Karl Schmidt, a 19-year-old Cruz volunteer, said he has supported the incumbent senator since he spoke at his high school in 2014.
“The first time I met him, he came to my high school, and he just felt like a really real guy, you know?” Schmidt told VOA, after controlling a post-rally crowd of Houston supporters waiting to get their photo taken with Cruz.
Schmidt said he cares most about tax reform and health care, specifically opposing the Obama-era Affordable Care Act, because those issues have affected his family the most. He said Cruz’s plan to address tax policy and health care most closely aligns with his views.
Deep divide on taxes, health care, economy
Cruz supported the Republicans’ trillion dollar tax cut, and drafted a bill that would make those tax cuts permanent. He championed Republican efforts to repeal the ACA, popularly known as Obamacare, and has called for “meaningful reforms” of the U.S. health care system, including expanding health care savings accounts and permitting the sale of health insurance across state lines.
O’Rourke opposed the tax cut, and has focused on creating jobs through increased spending on infrastructure and apprenticeship programs, government deregulation, and expansion of rural broadband service. He favors strengthening the ACA, extending Medicaid to more low-income Texans and eventually creating a universal health care program throughout the U.S.
Despite Cruz’s reputation as a divisive politician who is unpopular on Capitol Hill, some younger voters say they like his proposal to increase economic growth through a bill he introduced in 2015 called the American Energy Renaissance Act. The legislation seeks to remove federal restrictions on energy production and create jobs.
Cruz’s young supporters also applaud his calls for spending cuts in Washington, which they say take precedence over social issues.
Max Louman, 21, a student at New York University, said he’s “more of an economic voter” and would support Cruz in the midterm elections, even though he doesn’t agree with all of Cruz’s positions on social issues.
“I believe the Republican policies for economics help encourage growth more,” Louman said, after attending a Cruz town hall meeting.

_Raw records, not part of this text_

(* Let $A\twoheadrightarrow A'$ be a surjection of finite local $k$-algebras whose kernel $J$ satisfies $J^2=0$. Let $I'\subseteq S_{A'}$ and $I\subseteq S_A$ be graded submodules such that (1) $I'_2\subseteq q^\perp\otimes A'$; (2) $(S_A/I)_2$ is a free $A$-module; (3) the image of $I_2$ in $(S_{A'})_2$ is $I'_2$. Then there exists $g\in\mathrm{GL}_n(A)$ with $g\equiv\mathrm{Id}_n \pmod J$ and $(g\circ I)_2\subseteq q^\perp\otimes A$.
   Context: Let $k$ be a field of characteristic zero, $S=k[x_1,\dots,x_n]$, $T=k[y_1,\dots,y_n]$, with $S$ acting on $T$ by differentiation; for $f\in T_d$, $f^\perp=\{g\in S:g\circ f=0\}$. Fix a full rank quadratic form $q\in T_2$. For a $k$-algebra $A$, $S_A=S\otimes_kA=A[x_1,\dots,x_n]$, and $q^\perp\otimes A\subseteq S_A$ denotes the extension of $q^\perp$ (in degree 2, the $A$-submodule of $(S_A)_2$ annihilating $q$). $\mathrm{GL}_n(A)$ acts on $S_A$ by $A$-linear substitution of the variables $x_1,\dots,x_n$, and $g\circ I$ denotes the image of $I$. *)

theory Defs
  imports "HOL-Analysis.Analysis" "HOL-Library.Poly_Mapping"
begin

definition is_ideal :: "'a::comm_ring_1 set \<Rightarrow> bool" where
  "is_ideal I \<longleftrightarrow> 0 \<in> I \<and> (\<forall>x\<in>I. \<forall>y\<in>I. x + y \<in> I) \<and> (\<forall>r. \<forall>x\<in>I. r * x \<in> I)"

definition maximal_ideal :: "'a::comm_ring_1 set \<Rightarrow> bool" where
  "maximal_ideal M \<longleftrightarrow> is_ideal M \<and> M \<noteq> UNIV \<and>
     (\<forall>N. is_ideal N \<and> M \<subseteq> N \<and> N \<noteq> UNIV \<longrightarrow> N = M)"

definition local_ring :: "'a::comm_ring_1 itself \<Rightarrow> bool" where
  "local_ring _ \<longleftrightarrow> (\<exists>!M::'a set. maximal_ideal M)"

definition ring_hom :: "('a::comm_ring_1 \<Rightarrow> 'b::comm_ring_1) \<Rightarrow> bool" where
  "ring_hom f \<longleftrightarrow> f 1 = 1 \<and> (\<forall>x y. f (x + y) = f x + f y) \<and> (\<forall>x y. f (x * y) = f x * f y)"

text \<open>A k-algebra A is given by its structure map iota : k -> A (a ring homomorphism).
  It is finite if it is finite-dimensional as a k-vector space.\<close>
definition finite_algebra :: "('k::field \<Rightarrow> 'a::comm_ring_1) \<Rightarrow> bool" where
  "finite_algebra \<iota> \<longleftrightarrow> ring_hom \<iota> \<and>
     (\<exists>F::'a set. finite F \<and> (\<forall>a. \<exists>c. a = (\<Sum>x\<in>F. \<iota> (c x) * x)))"

definition finite_local_algebra :: "('k::field \<Rightarrow> 'a::comm_ring_1) \<Rightarrow> bool" where
  "finite_local_algebra \<iota> \<longleftrightarrow> finite_algebra \<iota> \<and> local_ring TYPE('a)"

type_synonym ('n, 'a) mpoly = "('n \<Rightarrow>\<^sub>0 nat) \<Rightarrow>\<^sub>0 'a"

definition mdeg :: "('n \<Rightarrow>\<^sub>0 nat) \<Rightarrow> nat" where
  "mdeg \<alpha> = (\<Sum>i\<in>Poly_Mapping.keys \<alpha>. Poly_Mapping.lookup \<alpha> i)"

definition const :: "'a::comm_ring_1 \<Rightarrow> ('n, 'a) mpoly" where
  "const c = Poly_Mapping.single 0 c"

definition var :: "'n \<Rightarrow> ('n, 'a::comm_ring_1) mpoly" where
  "var i = Poly_Mapping.single (Poly_Mapping.single i 1) 1"

definition smul :: "'a::comm_ring_1 \<Rightarrow> ('n, 'a) mpoly \<Rightarrow> ('n, 'a) mpoly" where
  "smul a f = const a * f"

definition homog :: "nat \<Rightarrow> ('n, 'a::zero) mpoly \<Rightarrow> bool" where
  "homog d f \<longleftrightarrow> (\<forall>\<alpha>\<in>Poly_Mapping.keys f. mdeg \<alpha> = d)"

definition homog_part :: "nat \<Rightarrow> ('n, 'a::comm_ring_1) mpoly \<Rightarrow> ('n, 'a) mpoly" where
  "homog_part d f = (\<Sum>\<alpha>\<in>Poly_Mapping.keys f. if mdeg \<alpha> = d then Poly_Mapping.single \<alpha> (Poly_Mapping.lookup f \<alpha>) else 0)"

definition graded_submodule :: "('n, 'a::comm_ring_1) mpoly set \<Rightarrow> bool" where
  "graded_submodule I \<longleftrightarrow> 0 \<in> I \<and> (\<forall>f\<in>I. \<forall>g\<in>I. f + g \<in> I) \<and>
     (\<forall>a. \<forall>f\<in>I. smul a f \<in> I) \<and> (\<forall>f\<in>I. \<forall>d. homog_part d f \<in> I)"

definition deg_part :: "nat \<Rightarrow> ('n, 'a::comm_ring_1) mpoly set \<Rightarrow> ('n, 'a) mpoly set" where
  "deg_part d I = {f\<in>I. homog d f}"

According to Pew Research, the top voting issues for all voters in 2016 were the economy, terrorism, foreign policy and health care, in that order.

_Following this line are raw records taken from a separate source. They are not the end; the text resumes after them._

lemma D_exponent_relation:
  assumes "\<nu> \<in> A_index_set p n N a u v" and "i \<le> Suc n"
    and "1 \<le> k u" "mu + k u \<le> N" and "1 \<le> k v" "mu + k v \<le> N"
    and "u = (\<lambda>i. aplus a n (mu + k u) i + (\<Sum>j=1..mu. aplus a n j i))"
    and "v = (\<lambda>i. aplus a n (mu + k v) i + (\<Sum>j=1..mu. aplus a n j i))"
  shows "(\<Sum>j=1..N. Poly_Mapping.lookup (D_exponent p N mu k u v \<nu>) j * int (aplus a n j i)) = 0"
proof -
  let ?c = "\<lambda>j. int (aplus a n j i)"
  have \<nu>: "(\<Sum>j=1..N. int (\<nu> j) * ?c j) = int p * int (u i) - int (v i)"
    using assms(1,2) by (simp add: A_index_set_def)
  have "(\<Sum>j=1..N. Poly_Mapping.lookup (D_exponent p N mu k u v \<nu>) j * ?c j)
      = - (int p - 1) * (\<Sum>j=1..mu. ?c j) - int p * ?c (mu + k u) + ?c (mu + k v)
          + (\<Sum>j=1..N. int (\<nu> j) * ?c j)"
    unfolding D_exponent_def sum_lookup_add_mult
    using assms(3-6)
    by (simp add: sum_lookup_sum_single_mult sum_lookup_single_mult
        sum_distrib_left of_bool_def[symmetric])
  also have "\<dots> = 0"
    unfolding \<nu> by (subst (1 2) assms(7,8)) (simp add: algebra_simps)
  finally show ?thesis .
qed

Like Louman, Cruz said he believes his and Republican economic policies are ultimately better for young people.
“The agenda of the left wing, the agenda of socialists, is absolutely devastating to young people,” Cruz told VOA.

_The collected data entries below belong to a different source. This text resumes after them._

text \<open>In a non-abelian group of order \<open>p\<^sup>3\<close> the class equation gives \<open>|Z(G)| = p\<close>, and
  \<open>G/Z(G)\<close>, of order \<open>p\<^sup>2\<close>, is abelian; so all commutators are central and reordering a
  sequence changes its product only by a central factor. Given the EGZ terms \<open>h\<^sub>1, \<dots>, h\<^sub>p\<close>
  of \<open>U\<close>, list the remaining terms first, followed by \<open>h\<^sub>1 \<cdots> h\<^sub>p\<^sub>-\<^sub>1\<close> with \<open>h\<^sub>p\<close>
  inserted into one of its \<open>p\<close> gaps. All \<open>p\<close> products lie in \<open>Z(G)\<close>, and two of them
  coincide only if \<open>h\<^sub>p\<close> commutes with a block \<open>h\<^sub>\<alpha> \<cdots> h\<^sub>\<beta>\<close>, which the EGZ condition
  forbids. Hence they run through all of \<open>Z(G)\<close>, and one of them is \<open>1\<close>.\<close>

lemma (in group_action) card_fixed_points_cong:
  assumes fin: "finite (carrier G)" "finite E"
    and p: "Factorial_Ring.prime p" and ord: "order G = p ^ n"
  shows "card {x \<in> E. \<forall>g \<in> carrier G. \<phi> g x = x} mod p = card E mod p"
proof -
  interpret group G
    using group_hom group_hom.axioms(1) by blast
  define F where "F = {x \<in> E. \<forall>g \<in> carrier G. \<phi> g x = x}"
  have orbit_cong: "(\<Sum>y\<in>orb. of_bool (y \<in> F)) mod p = card orb mod p"
    if orb: "orb \<in> orbits G E \<phi>" for orb :: "'c set"
  proof -
    obtain x where x: "x \<in> E" "orb = orbit G \<phi> x"
      using orb unfolding orbits_def by blast
    show ?thesis
    proof (cases "x \<in> F")
      case True
      then have "orb = {x}"
        using x orbit_refl[of x] by (auto simp: F_def orbit_def)
      with True show ?thesis by simp
    next
      case False
      then obtain g where g: "g \<in> carrier G" "\<phi> g x \<noteq> x"
        using x(1) by (auto simp: F_def)
      have "y \<notin> F" if "y \<in> orb" for y
      proof
        assume y: "y \<in> F"
        obtain h where h: "h \<in> carrier G" "y = \<phi> h x"
          using \<open>y \<in> orb\<close> x(2) by (auto simp: orbit_def)
        have "\<phi> (inv h) y = x"
          using orbit_sym_aux[OF h(1) x(1)] h(2) by simp
        moreover have "\<phi> (inv h) y = y"
          using y h(1) by (simp add: F_def)
        ultimately show False
          using y False by simp
      qed
      then have "(\<Sum>y\<in>orb. of_bool (y \<in> F)) = (0::nat)"
        by simp
      moreover have "card orb \<noteq> 1"
      proof
        assume "card orb = 1"
        moreover have "x \<in> orb" "\<phi> g x \<in> orb"
          using x g(1) orbit_refl by (auto simp: orbit_def)
        ultimately show False
          using g(2) by (metis card_1_singletonE singletonD)
      qed
      moreover have "card orb dvd p ^ n"
        using orbit_stabilizer_theorem[OF x(1)] x(2) ord by (metis dvd_triv_left)
      then obtain i where "card orb = p ^ i"
        using divides_primepow_nat[OF p] by blast
      ultimately show ?thesis
        by (cases i) auto
    qed
  qed
  have "card F = (\<Sum>x\<in>E. of_bool (x \<in> F))"
    using fin(2) by (simp add: F_def Int_def)
  also have "\<dots> = (\<Sum>orb\<in>orbits G E \<phi>. \<Sum>x\<in>orb. of_bool (x \<in> F))"
    by (rule disjoint_sum[OF fin(2), symmetric])
  finally have "card F mod p =
      (\<Sum>orb\<in>orbits G E \<phi>. (\<Sum>x\<in>orb. of_bool (x \<in> F)) mod p) mod p"
    by (simp add: mod_sum_eq)
  also have "\<dots> = (\<Sum>orb\<in>orbits G E \<phi>. card orb mod p) mod p"
    using orbit_cong by (simp cong: sum.cong)
  also have "\<dots> = (\<Sum>orb\<in>orbits G E \<phi>. card orb) mod p"
    by (simp add: mod_sum_eq)
  also have "(\<Sum>orb\<in>orbits G E \<phi>. card orb) = card E"
    using disjoint_sum[OF fin(2), of "\<lambda>_. 1::nat"] by simp
  finally show ?thesis
    by (simp add: F_def)
qed

lemma center_subset_carrier: "center G \<subseteq> carrier G"
  by (auto simp: center_def)

lemma center_commute: "z \<in> center G \<Longrightarrow> x \<in> carrier G \<Longrightarrow> z \<otimes>\<^bsub>G\<^esub> x = x \<otimes>\<^bsub>G\<^esub> z"
  by (simp add: center_def)

context group
begin

definition centralizer :: "'a \<Rightarrow> 'a set"
  where "centralizer x = {g \<in> carrier G. g \<otimes> x = x \<otimes> g}"

lemma conjugation_fixed_iff:
  "g \<in> carrier G \<Longrightarrow> x \<in> carrier G \<Longrightarrow> g \<otimes> x \<otimes> inv g = x \<longleftrightarrow> g \<otimes> x = x \<otimes> g"
  by (simp add: inv_solve_right')

lemma centralizer_eq_stabilizer:
  "x \<in> carrier G \<Longrightarrow>
     centralizer x = stabilizer G (\<lambda>g. \<lambda>h \<in> carrier G. g \<otimes> h \<otimes> inv g) x"
  unfolding centralizer_def stabilizer_def
  by (intro Collect_cong conj_cong refl) (simp add: conjugation_fixed_iff)

lemma centralizer_subgroup: "x \<in> carrier G \<Longrightarrow> subgroup (centralizer x) G"
  using group_action.stabilizer_subgroup[OF action_by_conjugation]
  by (simp add: centralizer_eq_stabilizer)

lemma center_eq_Inter_centralizer: "center G = (\<Inter>x \<in> carrier G. centralizer x)"
  by (auto simp: center_def centralizer_def)

lemma center_eq_conjugation_fixed:
  "center G = {x \<in> carrier G. \<forall>g \<in> carrier G. (\<lambda>h \<in> carrier G. g \<otimes> h \<otimes> inv g) x = x}"
  by (auto simp: center_def conjugation_fixed_iff)

lemma center_subgroup: "subgroup (center G) G"
  unfolding center_eq_Inter_centralizer
  by (rule subgroups_Inter) (auto simp: centralizer_subgroup)

lemma center_normal: "center G \<lhd> G"
proof -
  have "x \<otimes> z \<otimes> inv x \<in> center G" if x: "x \<in> carrier G" and z: "z \<in> center G" for x z
  proof -
    have "z \<in> carrier G" "z \<otimes> x = x \<otimes> z"
      using x z by (auto simp: center_def)
    then have "x \<otimes> z \<otimes> inv x = z"
      using x by (simp add: conjugation_fixed_iff)
    with z show ?thesis by simp
  qed
  then show ?thesis
    using center_subgroup by (simp add: normal_inv_iff)
qed

lemma card_subgroup_prime_power:
  assumes "subgroup H G" "Factorial_Ring.prime p" "order G = p ^ n"
  shows "\<exists>i \<le> n. card H = p ^ i"
proof -
  have "card H dvd p ^ n"
    using lagrange[OF assms(1)] assms(3) by (metis dvd_triv_right)
  then show ?thesis
    using divides_primepow_nat[OF assms(2)] by blast
qed

lemma subgroup_eq_carrier_if_card:
  "finite (carrier G) \<Longrightarrow> subgroup H G \<Longrightarrow> card H = order G \<Longrightarrow> H = carrier G"
  using card_subset_eq subgroup.subset by (metis order_def)

lemma p_dvd_card_center:
  assumes "finite (carrier G)" "Factorial_Ring.prime p" "order G = p ^ n" "0 < n"
  shows "p dvd card (center G)"
  using group_action.card_fixed_points_cong[OF action_by_conjugation assms(1,1-3)] assms(3,4)
  by (simp add: center_eq_conjugation_fixed order_def mod_eq_0_iff_dvd)

lemma card_center_ne_1:
  assumes "finite (carrier G)" "Factorial_Ring.prime p" "order G = p ^ n" "0 < n"
  shows "card (center G) \<noteq> 1"
  using p_dvd_card_center[OF assms] assms(2) by auto

lemma card_center_ne_pred_power:
  assumes fin: "finite (carrier G)" and p: "Factorial_Ring.prime p"
    and ord: "order G = p ^ n" and n: "0 < n"
  shows "card (center G) \<noteq> p ^ (n - 1)"
proof
  assume card_center: "card (center G) = p ^ (n - 1)"
  have "p ^ (n - 1) < p ^ n"
    using prime_gt_1_nat[OF p] n by simp
  have "center G \<noteq> carrier G"
  proof
    assume "center G = carrier G"
    then have "p ^ (n - 1) = p ^ n"
      using card_center ord by (simp add: order_def)
    with \<open>p ^ (n - 1) < p ^ n\<close> show False
      by simp
  qed
  then obtain x where x: "x \<in> carrier G" "x \<notin> center G"
    using center_subset_carrier[of G] by blast
  have "finite (center G)"
    by (rule rev_finite_subset[OF fin center_subset_carrier])
  have "insert x (center G) \<subseteq> centralizer x"
    using x by (auto simp: center_def centralizer_def)
  moreover have "finite (centralizer x)"
    using fin by (rule rev_finite_subset) (simp add: centralizer_def)
  ultimately have "card (insert x (center G)) \<le> card (centralizer x)"
    by (rule card_mono[rotated])
  then have "card (center G) < card (centralizer x)"
    using x(2) \<open>finite (center G)\<close> by simp
  moreover obtain i where i: "i \<le> n" "card (centralizer x) = p ^ i"
    using card_subgroup_prime_power[OF centralizer_subgroup[OF x(1)] p ord] by blast
  ultimately have "p ^ (n - 1) < p ^ i"
    using card_center by simp
  then have "n - 1 < i"
    by (rule power_less_imp_less_exp[OF prime_gt_1_nat[OF p]])
  then have "i = n"
    using i(1) by linarith
  then have "card (centralizer x) = order G"
    using i ord by simp
  then have "centralizer x = carrier G"
    using subgroup_eq_carrier_if_card[OF fin centralizer_subgroup[OF x(1)]] by blast
  then have "g \<in> centralizer x" if "g \<in> carrier G" for g
    using that by simp
  then have "x \<otimes> g = g \<otimes> x" if "g \<in> carrier G" for g
    using that by (simp add: centralizer_def)
  then show False
    using x by (simp add: center_def)
qed

lemma center_eq_carrier_if_order_prime_square:
  assumes fin: "finite (carrier G)" and p: "Factorial_Ring.prime p" and ord: "order G = p ^ 2"
  shows "center G = carrier G"
proof -
  obtain i where i: "i \<le> 2" "card (center G) = p ^ i"
    using card_subgroup_prime_power[OF center_subgroup p ord] by blast
  have "i \<noteq> 0"
    using card_center_ne_1[OF fin p ord] i by auto
  moreover have "i \<noteq> 1"
    using card_center_ne_pred_power[OF fin p ord] i by auto
  ultimately have "i = 2"
    using i(1) by linarith
  then have "card (center G) = order G"
    using i ord by simp
  then show ?thesis
    using subgroup_eq_carrier_if_card[OF fin center_subgroup] by blast
qed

O’Rourke cited a number of issues that he said young people have told him are important to them.
“Making sure that the internet is open and works for everyone, regardless of your ability to pay,” he said, referring to net neutrality. “Making sure that we have universal health care. Or making sure that we deliver on our promise for leading the conversation on immigration. Or ending gun violence in our schools and in our communities.”
Power of the vote
Regardless of political party, many young people advocate open discussion and voting. Just 51 percent of millennials — born between 1981 and 1996 — voted in the 2016 elections, compared to 61 percent of the general electorate, according to U.S. Census Bureau data.
Houston resident Elvonte Patton, 29, created “The Young and the Politics,” a nonpartisan political organization that encourages young people to register to vote.
“Go exercise your right to vote. That’s all that matters to me,” he told VOA at a local O’Rourke rally where his organization registered new voters. In March, Patton ran for a seat on the Harris County Board of Education and was defeated in the Democratic primary.
Cruz supporter Schmidt said his friends were too young to vote in the most recent elections in 2016. This time, he said, he’s “definitely going to make sure all my friends go out and vote.”
“I think the young people are going to predict this race,” said Patton, who said he is confident that voter turnout, particularly among young people, will grow in the 2018 midterm elections. “Honestly, whoever the young people go and vote for, that’s who will win this race,” he said.